A basic security mindset is a combination of paranoia, a talent for
contingency planning, and an understanding of business need.
My suggestion was to include a couple of courses in the curriculum.
1. Engineering Ethics
How to play fair
Right and wrong, dealing with conflicting responsibilities
2. Engineering Paranoia
The world doesn't play fair
Bad data, safety factors and progressive collapse
I'm not sure you can really teach someone the right combination
of ethics and paranoia to be successfull. I can teach anyone the
technical stuff, or give them a really thick book. But best
practices aren't a substitute for understanding the business and
sound judgement.
The problem is good security people have to cover alot of
ground, and be at least /good/ in all of it. They have to have a
solid understanding of all the systems and networks they are
protecting as well as the customer requirements and business cost/beni
stuff.
One issue I see is a general lack of understanding with
employers as to what is needed. The idea of the paranoid block
everything type that must be restrained seems stuck in many minds.
Unfortunately, this leads to issues, total ICMP blocks, bad ECN
handling, etc. As well as very little drive for people to learn what
they need.
I think it comes down to being able to deal creatively with a
lack of total control, and find ways to limit what you cannot
eliminate.
If the balance cannot be found, you end up with security
problems, or performance issues, pissed customers and broken networks.
Security specialists can't be everywhere, can't do everything, and
can't stop every bad thing. The reality is the people who have
the biggest impact on security don't have security in their job
title. Instead of a neighborhood watch do we need a network watch?
While we need a few people with "deep" security knowledge, we also
need to spread a thin layer of security pixie dust throughout the
entire organization.
Is it really a lack of control. While some security specilists
carry a big stick, on most projects security is just one of
many specialities required to work together. If you are a
security specialist, just getting invited to a project before
its finished is a major accomplishment.
:Instead of a neighborhood watch do we need a network watch?
:While we need a few people with "deep" security knowledge, we also
:need to spread a thin layer of security pixie dust throughout the
:entire organization.
The NIPC, CERT, OCIPEP(Canada) and other organizations try to
fill this role. The Incidents mailing list also
tries to do this on a more ad hoc basis, along with the honeynet
projects, and to a great extent Nanog. If ones definition of security
includes integrity and reliability, then Nanog has been performing
that role since its creation.
The problem that exists with the neighbourhood watch model is that
it assumes some sort of community and, despite a few exceptions,
there is no community of internet providers.

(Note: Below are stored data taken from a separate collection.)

lemma bprime_append:
  assumes "cantor_continuous \<Phi>" "\<forall>\<sigma>. convergent (bprime_seq \<Phi> b \<sigma>)"
  shows "bprime \<Phi> b (\<sigma> @ [False]) + bprime \<Phi> b (\<sigma> @ [True]) = 2 * bprime \<Phi> b \<sigma>"
proof (rule LIMSEQ_unique)
  have lim: "bprime_seq \<Phi> b \<rho> \<longlonglongrightarrow> bprime \<Phi> b \<rho>" for \<rho>
    using assms(2) unfolding bprime_def convergent_LIMSEQ_iff by blast
  show "(\<lambda>n. bprime_seq \<Phi> b (\<sigma> @ [False]) n + bprime_seq \<Phi> b (\<sigma> @ [True]) n)
        \<longlonglongrightarrow> bprime \<Phi> b (\<sigma> @ [False]) + bprime \<Phi> b (\<sigma> @ [True])"
    by (intro tendsto_add lim)
  show "(\<lambda>n. bprime_seq \<Phi> b (\<sigma> @ [False]) n + bprime_seq \<Phi> b (\<sigma> @ [True]) n)
        \<longlonglongrightarrow> 2 * bprime \<Phi> b \<sigma>"
    unfolding bprime_seq_append[OF assms(1)] by (intro tendsto_mult_left lim)
qed

lemma bprime_pref_eventually_ge:
  assumes "cantor_continuous \<Phi>" "\<forall>\<sigma>. convergent (bprime_seq \<Phi> b \<sigma>)"
    and "saving_property b" "\<Phi> X \<in> Succ b"
  shows "\<forall>\<^sub>F m in sequentially. real k \<le> bprime \<Phi> b (pref X m)"
proof -
  obtain n where saving: "\<And>\<rho>'. real k \<le> b (pref (\<Phi> X) n @ \<rho>')"
    using assms(3,4) unfolding saving_property_def by blast
  obtain m where cont: "\<And>Y. \<forall>i<m. Y i = X i \<Longrightarrow> \<forall>i<n. \<Phi> Y i = \<Phi> X i"
    using assms(1) unfolding cantor_continuous_def by blast
  have "real k \<le> bprime \<Phi> b (pref X m')" if "m \<le> m'" for m'
  proof (rule LIMSEQ_le_const)
    show "bprime_seq \<Phi> b (pref X m') \<longlonglongrightarrow> bprime \<Phi> b (pref X m')"
      using assms(2) unfolding bprime_def convergent_LIMSEQ_iff by blast
    have "real k \<le> bprime_seq \<Phi> b (pref X m') N" if "n \<le> N" for N
    proof (rule bprime_seq_ge[OF assms(1)])
      fix \<tau> :: "bool list"
      assume "length \<tau> = N" "cyl (pref X m') \<inter> \<Phi> -` cyl \<tau> \<noteq> {}"
      then obtain Y where "Y \<in> cyl (pref X m')" "\<Phi> Y \<in> cyl \<tau>" by blast
      with \<open>m \<le> m'\<close> have "\<forall>i<n. \<Phi> Y i = \<Phi> X i"
        by (intro cont) (simp add: cyl_pref)
      then have "take n \<tau> = pref (\<Phi> X) n"
        using take_eq_pref_of_mem_cyl \<open>length \<tau> = N\<close> \<open>n \<le> N\<close> \<open>\<Phi> Y \<in> cyl \<tau>\<close> by blast
      then show "real k \<le> b \<tau>"
        using saving[of "drop n \<tau>"] by (metis append_take_drop_id)
    qed
    then show "\<exists>N. \<forall>N'\<ge>N. real k \<le> bprime_seq \<Phi> b (pref X m') N'" by blast
  qed
  then show ?thesis by (rule eventually_sequentiallyI)
qed

lemma vimage_Succ_subset_Succ_bprime:
  assumes "cantor_continuous \<Phi>" "\<forall>\<sigma>. convergent (bprime_seq \<Phi> b \<sigma>)" "saving_property b"
  shows "\<Phi> -` Succ b \<subseteq> Succ (bprime \<Phi> b)"
proof
  fix X assume "X \<in> \<Phi> -` Succ b"
  have "((\<lambda>m. ereal (bprime \<Phi> b (pref X m))) \<longlongrightarrow> \<infinity>) sequentially"
    unfolding tendsto_PInfty
  proof
    fix r :: real
    obtain k :: nat where "r < real k" using reals_Archimedean2 by blast
    with bprime_pref_eventually_ge[OF assms, of X k] \<open>X \<in> \<Phi> -` Succ b\<close>
    show "\<forall>\<^sub>F m in sequentially. ereal r < ereal (bprime \<Phi> b (pref X m))"
      by (auto elim: eventually_mono)
  qed
  then have "limsup (\<lambda>m. ereal (bprime \<Phi> b (pref X m))) = \<infinity>"
    by (intro lim_imp_Limsup) simp_all
  then show "X \<in> Succ (bprime \<Phi> b)" by (simp add: Succ_def)
qed

theorem lemmaL2:
  fixes \<Phi> :: "(nat \<Rightarrow> bool) \<Rightarrow> (nat \<Rightarrow> bool)" and b :: "bool list \<Rightarrow> real"
  assumes "cantor_continuous \<Phi>"
    and "Phi_martingale \<Phi> b"
    and "\<forall>\<sigma>. convergent (bprime_seq \<Phi> b \<sigma>)"
  shows "(\<forall>\<sigma>. bprime \<Phi> b (\<sigma> @ [False]) + bprime \<Phi> b (\<sigma> @ [True]) = 2 * bprime \<Phi> b \<sigma>)
       \<and> (saving_property b \<longrightarrow> \<Phi> -` Succ b \<subseteq> Succ (bprime \<Phi> b))"
  using bprime_append[OF assms(1,3)] vimage_Succ_subset_Succ_bprime[OF assms(1,3)] by blast

end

There are communities of network engineers and other specialists, but
the possibility of corporations getting together with a common goal,
which may temporarily supercede their individual competetive advantage,
is just not going to happen. They can have industry associations, lobby
groups, interest groups, and other representative bodies, but community
is not one of these, and thus any network watch program which depends
on community will be hampered.
So, the challenge is to find a model of information sharing in which a
balance between effectiveness and the protection of competitive information
that is slanted heavilty to the latter. This on top of providing value
to the participants.
There are some private security alert services like this. I can personally
highly recommend the securityfocus ARIS tool and their commercial Threat
Management System. NAI's virus alert system is excellent, as is
a similar service from sophos.com.
The non-classified government briefings I have seen don't really provide
value from an up to the minute threat analysis perspective. They might
help an executive hold an intelligent conversation on current affairs,
but they do little for people who are responsible for protecting the
infrastructure.
Personally, I would like to see a mixture of the MAPS RBL and
aris.securityfocus.com available, where emerging hostile netblocks
can be blackholed for short periods of time using attack information
gathered from and coroborated by a vast array of diverse sources.

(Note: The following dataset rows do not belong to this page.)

(* Let $(X,d)$ be a locally compact, second countable metric space. Let $(f_\lambda)$ be a sequence in $\Gamma(X)$ and $f,g\in C_{od}(X,X)$ such that $(f_\lambda)$ $\tau_{cc}$-converges to $f$, $(f_\lambda^{-1})$ $\tau_{cc}$-converges to $g$, $\mathrm{im}(f)\subseteq\mathrm{dom}(g)$ and $\mathrm{im}(g)\subseteq\mathrm{dom}(f)$. Then $f$ and $g$ are homeomorphisms (onto their images) and $f^{-1}=g$.
   Context: $\Gamma(X)$ denotes the set of homeomorphisms $f:\mathrm{dom}(f)\to\mathrm{im}(f)$ between open subsets of $X$ (including the empty function). $C_{od}(X,X)$ is the set of continuous maps $f:\mathrm{dom}(f)\to X$ with $\mathrm{dom}(f)$ open in $X$. A sequence $(h_\lambda)$ in $C_{od}(X,X)$ $\tau_{cc}$-converges to $h\in C_{od}(X,X)$ if for every nonempty compact $K\subseteq\mathrm{dom}(h)$ and $\epsilon>0$ there is $\lambda_0$ such that for all $\lambda\ge\lambda_0$, $K\subseteq\mathrm{dom}(h_\lambda)$ and $\sup_{x\in K}d(h_\lambda(x),h(x))<\epsilon$. *)

theory Defs
  imports "HOL-Analysis.Analysis"
begin

text \<open>A partial map on X is represented by a pair: its domain D and a total
function f whose values outside D are irrelevant.\<close>

definition in_Gamma :: "'a::metric_space set \<Rightarrow> ('a \<Rightarrow> 'a) \<Rightarrow> bool" where
  "in_Gamma D f \<longleftrightarrow> open D \<and> open (f ` D) \<and>
     homeomorphism D (f ` D) f (inv_into D f)"

definition in_Cod :: "'a::metric_space set \<Rightarrow> ('a \<Rightarrow> 'a) \<Rightarrow> bool" where
  "in_Cod D f \<longleftrightarrow> open D \<and> continuous_on D f"

definition cc_conv :: "(nat \<Rightarrow> 'a::metric_space set) \<Rightarrow> (nat \<Rightarrow> 'a \<Rightarrow> 'a)
    \<Rightarrow> 'a set \<Rightarrow> ('a \<Rightarrow> 'a) \<Rightarrow> bool" where
  "cc_conv Dn hn D h \<longleftrightarrow>
     (\<forall>K. K \<noteq> {} \<and> compact K \<and> K \<subseteq> D \<longrightarrow>
        (\<forall>e>0. \<exists>N. \<forall>n\<ge>N. K \<subseteq> Dn n \<and> (SUP x\<in>K. dist (hn n x) (h x)) < e))"

end

theory Submission
  imports Defs
begin

text \<open>Local compactness upgrades \<open>\<tau>\<^sub>c\<^sub>c\<close>-convergence to a continuous limit into continuous
  convergence: \<open>x\<^sub>n \<longrightarrow> y\<close> implies \<open>h\<^sub>n x\<^sub>n \<longrightarrow> h y\<close>, since the \<open>x\<^sub>n\<close> eventually stay in a compact
  neighbourhood of \<open>y\<close>, where the convergence is uniform. Applying this to \<open>x\<^sub>n = f\<^sub>n x\<close> gives
  \<open>f\<^sub>n\<^sup>-\<^sup>1 (f\<^sub>n x) \<longrightarrow> g (f x)\<close>, while the left-hand side is eventually \<open>x\<close>; symmetrically
  \<open>f (g y) = y\<close>.\<close>

lemma locally_compact_open_compact_nbhd:
  fixes y :: "'a::metric_space"
  assumes "locally_compact_space (euclidean :: 'a topology)" "open D" "y \<in> D"
  obtains U K where "open U" "compact K" "y \<in> U" "U \<subseteq> K" "K \<subseteq> D"
proof -
  have "neighbourhood_base_of (compactin euclidean) (euclidean :: 'a topology)"
    using assms(1) locally_compact_space_neighbourhood_base Hausdorff_space_euclidean by blast
  then show ?thesis using assms(2,3) that unfolding neighbourhood_base_of
    by (metis compactin_euclidean_iff open_openin)
qed

lemma cc_conv_eventually_in_domain:
  assumes "cc_conv Dn hn D h" "z \<in> D"
  shows "\<forall>\<^sub>F n in sequentially. z \<in> Dn n"
proof -
  obtain N where "\<forall>n\<ge>N. {z} \<subseteq> Dn n"
    using assms unfolding cc_conv_def by (metis compact_sing empty_not_insert
        insert_subset empty_subsetI zero_less_one)
  then show ?thesis unfolding eventually_sequentially by blast
qed

lemma cc_conv_eventually_uniform:
  assumes cc: "cc_conv Dn hn D h" and ch: "continuous_on D h"
    and chn: "\<And>n. continuous_on (Dn n) (hn n)"
    and K: "compact K" "K \<subseteq> D" and e: "e > 0"
  shows "\<forall>\<^sub>F n in sequentially. K \<subseteq> Dn n \<and> (\<forall>x\<in>K. dist (hn n x) (h x) < e)"
proof (cases "K = {}")
  case False
  then obtain N where N: "\<And>n. n \<ge> N \<Longrightarrow> K \<subseteq> Dn n \<and> (SUP x\<in>K. dist (hn n x) (h x)) < e"
    using cc K e unfolding cc_conv_def by meson
  have "K \<subseteq> Dn n \<and> (\<forall>x\<in>K. dist (hn n x) (h x) < e)" if "n \<ge> N" for n
  proof -
    have KD: "K \<subseteq> Dn n" and sup: "(SUP x\<in>K. dist (hn n x) (h x)) < e"
      using N that by auto
    have "continuous_on K (\<lambda>x. dist (hn n x) (h x))"
      by (intro continuous_intros continuous_on_subset[OF chn KD] continuous_on_subset[OF ch K(2)])
    then have "bdd_above ((\<lambda>x. dist (hn n x) (h x)) ` K)"
      using K(1) by (simp add: bounded_imp_bdd_above compact_imp_bounded compact_continuous_image)
    then show ?thesis using KD sup cSUP_upper by fastforce
  qed
  then show ?thesis unfolding eventually_sequentially by blast
qed simp

lemma cc_conv_imp_continuous_convergence:
  fixes y :: "'a::metric_space"
  assumes lc: "locally_compact_space (euclidean :: 'a topology)"
    and cc: "cc_conv Dn hn D h" and cod: "in_Cod D h"
    and chn: "\<And>n. continuous_on (Dn n) (hn n)"
    and y: "y \<in> D" and xs: "xs \<longlonglongrightarrow> y"
  shows "(\<lambda>n. hn n (xs n)) \<longlonglongrightarrow> h y"
proof (rule tendstoI)
  fix e :: real assume e: "e > 0"
  have D: "open D" and ch: "continuous_on D h" using cod by (auto simp: in_Cod_def)
  obtain U K where UK: "open U" "compact K" "y \<in> U" "U \<subseteq> K" "K \<subseteq> D"
    using locally_compact_open_compact_nbhd[OF lc D y] by blast
  have "(\<lambda>n. h (xs n)) \<longlonglongrightarrow> h y"
    using ch D y xs continuous_on_eq_continuous_at isCont_tendsto_compose by blast
  then have "\<forall>\<^sub>F n in sequentially. dist (h (xs n)) (h y) < e/2"
    using e tendstoD half_gt_zero by blast
  moreover have "\<forall>\<^sub>F n in sequentially. xs n \<in> U"
    using xs UK(1,3) by (simp add: tendsto_def)
  moreover have "\<forall>\<^sub>F n in sequentially. \<forall>x\<in>K. dist (hn n x) (h x) < e/2"
    using cc_conv_eventually_uniform[OF cc ch chn UK(2,5), of "e/2"] e
    by (auto elim: eventually_mono)
  ultimately show "\<forall>\<^sub>F n in sequentially. dist (hn n (xs n)) (h y) < e"
  proof eventually_elim
    case (elim n)
    then show ?case
      using UK(4) dist_triangle_half_l[of "hn n (xs n)" "h (xs n)" e "h y"] dist_commute
      by (metis subsetD)
  qed
qed

lemma cc_conv_limits_left_inverse:
  fixes x :: "'a::metric_space"
  assumes lc: "locally_compact_space (euclidean :: 'a topology)"
    and cc_h: "cc_conv Dn hn D h" "in_Cod D h" "\<And>n. continuous_on (Dn n) (hn n)"
    and cc_k: "cc_conv En kn E k" "in_Cod E k" "\<And>n. continuous_on (En n) (kn n)"
    and hDE: "h ` D \<subseteq> E" and inv: "\<And>n x. x \<in> Dn n \<Longrightarrow> kn n (hn n x) = x"
    and x: "x \<in> D"
  shows "k (h x) = x"
proof -
  have "(\<lambda>n. hn n x) \<longlonglongrightarrow> h x"
    using cc_conv_imp_continuous_convergence[OF lc cc_h x tendsto_const] .
  then have "(\<lambda>n. kn n (hn n x)) \<longlonglongrightarrow> k (h x)"
    using cc_conv_imp_continuous_convergence[OF lc cc_k] hDE x by blast
  moreover have "\<forall>\<^sub>F n in sequentially. kn n (hn n x) = x"
    using cc_conv_eventually_in_domain[OF cc_h(1) x] by (auto elim: eventually_mono simp: inv)
  then have "(\<lambda>n. kn n (hn n x)) \<longlonglongrightarrow> x"
    by (rule tendsto_eventually)
  ultimately show ?thesis using LIMSEQ_unique by blast
qed

theorem mainTheorem11:
  fixes Fd :: "nat \<Rightarrow> 'a::{metric_space, second_countable_topology} set"
    and F :: "nat \<Rightarrow> 'a \<Rightarrow> 'a"
    and Df Dg :: "'a set" and f g :: "'a \<Rightarrow> 'a"
  assumes "locally_compact_space (euclidean :: 'a topology)"
    and "\<And>n. in_Gamma (Fd n) (F n)"
    and "in_Cod Df f" and "in_Cod Dg g"
    and "cc_conv Fd F Df f"
    and "cc_conv (\<lambda>n. F n ` Fd n) (\<lambda>n. inv_into (Fd n) (F n)) Dg g"
    and "f ` Df \<subseteq> Dg" and "g ` Dg \<subseteq> Df"
  shows "homeomorphism Df Dg f g"
proof -
  have hom: "\<And>n. homeomorphism (Fd n) (F n ` Fd n) (F n) (inv_into (Fd n) (F n))"
    using assms(2) by (simp add: in_Gamma_def)
  note cont = homeomorphism_cont1[OF hom] homeomorphism_cont2[OF hom]
  have "g (f x) = x" if "x \<in> Df" for x
    using cc_conv_limits_left_inverse[OF assms(1) assms(5,3) cont(1) assms(6,4) cont(2) assms(7)]
      homeomorphism_apply1[OF hom] that by blast
  moreover have "f (g y) = y" if "y \<in> Dg" for y
    using cc_conv_limits_left_inverse[OF assms(1) assms(6,4) cont(2) assms(5,3) cont(1) assms(8)]
      homeomorphism_apply2[OF hom] that by blast
  ultimately show ?thesis
    using assms(3,4,7,8) by (intro homeomorphismI) (auto simp: in_Cod_def)
qed

end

It strikes me that much of the focus seems to be people on one hand
wanting "deep security expertise", which is considered technical, and on
another finding it difficult to actually have that single person be able
to impact enterprise/network-wide security. Since "deep security"

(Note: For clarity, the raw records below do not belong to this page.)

lemma common_kernel_fiber:
  assumes ab: "(a, b) \<in> indep_pairs n"
  shows "{p \<in> indep_pairs n. case_prod (common_kernel n) p = common_kernel n a b} =
     {(a, b), (b, a), (a, vadd a b), (vadd a b, a), (b, vadd a b), (vadd a b, b)}"
    (is "?L = ?R")
proof
  show "?L \<subseteq> ?R"
  proof
    fix p
    assume p: "p \<in> ?L"
    obtain u1 u2 where p_eq: "p = (u1, u2)"
      by (cases p)
    have u: "(u1, u2) \<in> indep_pairs n" "common_kernel n u1 u2 = common_kernel n a b"
      using p p_eq by simp_all
    have "u1 \<in> {vzero n, a, b, vadd a b}"
      by (rule vanishing_on_common_kernel[OF ab]) (use u in \<open>auto simp: indep_pairs_def common_kernel_def\<close>)
    moreover have "u2 \<in> {vzero n, a, b, vadd a b}"
      by (rule vanishing_on_common_kernel[OF ab]) (use u in \<open>auto simp: indep_pairs_def common_kernel_def\<close>)
    ultimately show "p \<in> ?R"
      using u(1) p_eq by (auto simp: indep_pairs_def)
  qed
  show "?R \<subseteq> ?L"
  proof
    fix p
    assume p: "p \<in> ?R"
    obtain x y where p_eq: "p = (x, y)"
      by (cases p)
    have xy: "x \<in> {a, b, vadd a b}" "y \<in> {a, b, vadd a b}" "(x, y) \<in> indep_pairs n"
      using p p_eq ab vadd_indep_pair[OF ab] by (auto simp: indep_pairs_def)
    have "common_kernel n a b = common_kernel n x y"
      using common_kernel_subset[OF ab xy(1,2)] card_common_kernel[OF ab] card_common_kernel[OF xy(3)]
      by (intro card_subset_eq) (auto simp: common_kernel_def)
    then show "p \<in> ?L"
      using xy p_eq by simp
  qed
qed

lemma card_common_kernel_fiber:
  "(a, b) \<in> indep_pairs n \<Longrightarrow>
     card {p \<in> indep_pairs n. case_prod (common_kernel n) p = common_kernel n a b} = 6"
  unfolding common_kernel_fiber using vadd_indep_pair[of a b n] by (auto simp: indep_pairs_def)

lemma finite_indep_pairs [simp]: "finite (indep_pairs n)"
  by (rule finite_subset[of _ "Vn n \<times> Vn n"]) (auto simp: indep_pairs_def)

lemma card_indep_pairs: "card (indep_pairs n) = (2 ^ n - 1) * (2 ^ n - 2)"
proof -
  have "indep_pairs n = (SIGMA a : Vn n - {vzero n}. Vn n - {vzero n, a})"
    by (auto simp: indep_pairs_def)
  moreover have "card (Vn n - {vzero n, a}) = 2 ^ n - 2" if "a \<in> Vn n - {vzero n}" for a
    using that card_Vn[of n] by (subst card_Diff_subset) auto
  ultimately show ?thesis
    using card_Vn[of n] by simp
qed

lemma index4_subgroups_eq_image: "index4_subgroups n = case_prod (common_kernel n) ` indep_pairs n"
proof
  show "index4_subgroups n \<subseteq> case_prod (common_kernel n) ` indep_pairs n"
  proof
    fix W
    assume "W \<in> index4_subgroups n"
    then obtain u1 u2 where "(u1, u2) \<in> indep_pairs n" "W = common_kernel n u1 u2"
      using index4_subgroup.eq_common_kernel[of n W] by (auto simp: index4_subgroup_def)
    then show "W \<in> case_prod (common_kernel n) ` indep_pairs n"
      by force
  qed
  show "case_prod (common_kernel n) ` indep_pairs n \<subseteq> index4_subgroups n"
    using common_kernel_in_index4_subgroups by auto
qed

lemma finite_index4_subgroups: "finite (index4_subgroups n)"
  by (simp add: index4_subgroups_eq_image)

lemma card_eq_mult_card_image_if_fibers:
  assumes "finite A" "\<And>x. x \<in> A \<Longrightarrow> card {y \<in> A. f y = f x} = k"
  shows "card A = k * card (f ` A)"
proof -
  have "card A = (\<Sum>z\<in>f ` A. card {y \<in> A. f y = z})"
    unfolding card_eq_sum by (rule sum.image_gen[OF assms(1)])
  also have "\<dots> = (\<Sum>z\<in>f ` A. k)"
    using assms(2) by (intro sum.cong) auto
  finally show ?thesis
    by simp
qed

lemma card_index4_subgroups: "6 * card (index4_subgroups n) = (2 ^ n - 1) * (2 ^ n - 2)"
proof -
  have "card (indep_pairs n) = 6 * card (case_prod (common_kernel n) ` indep_pairs n)"
    by (rule card_eq_mult_card_image_if_fibers) (use card_common_kernel_fiber in auto)
  then show ?thesis
    by (simp add: index4_subgroups_eq_image card_indep_pairs)
qed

experts are a valuable commodity, it is unlikely that spreading them
throughout an organization is feasible.
What needs to change in this model is how one defines a "security
expert". While some deep technical knowledge in security technologies
relevant to your environment is critical, that person should hardly be a
bottleneck for the security organization. In fact, that person should
rarely--if ever--communicate outside his/her organization. What is
needed is a someone capable of "creating" the pixie dust you spoke of,
Sean. That dust has to be sprinkled, it's hard work, and a technical
professional cannot do it. The problem is that when an organization
sees a need to focus on security, the first thought tends to be to get
an "expert" hired on. In reality, this expert will have little effect
since he/she will not be able to stick a finger in every piece of pie
around. Instead, getting the HR department to focus on a "strategic"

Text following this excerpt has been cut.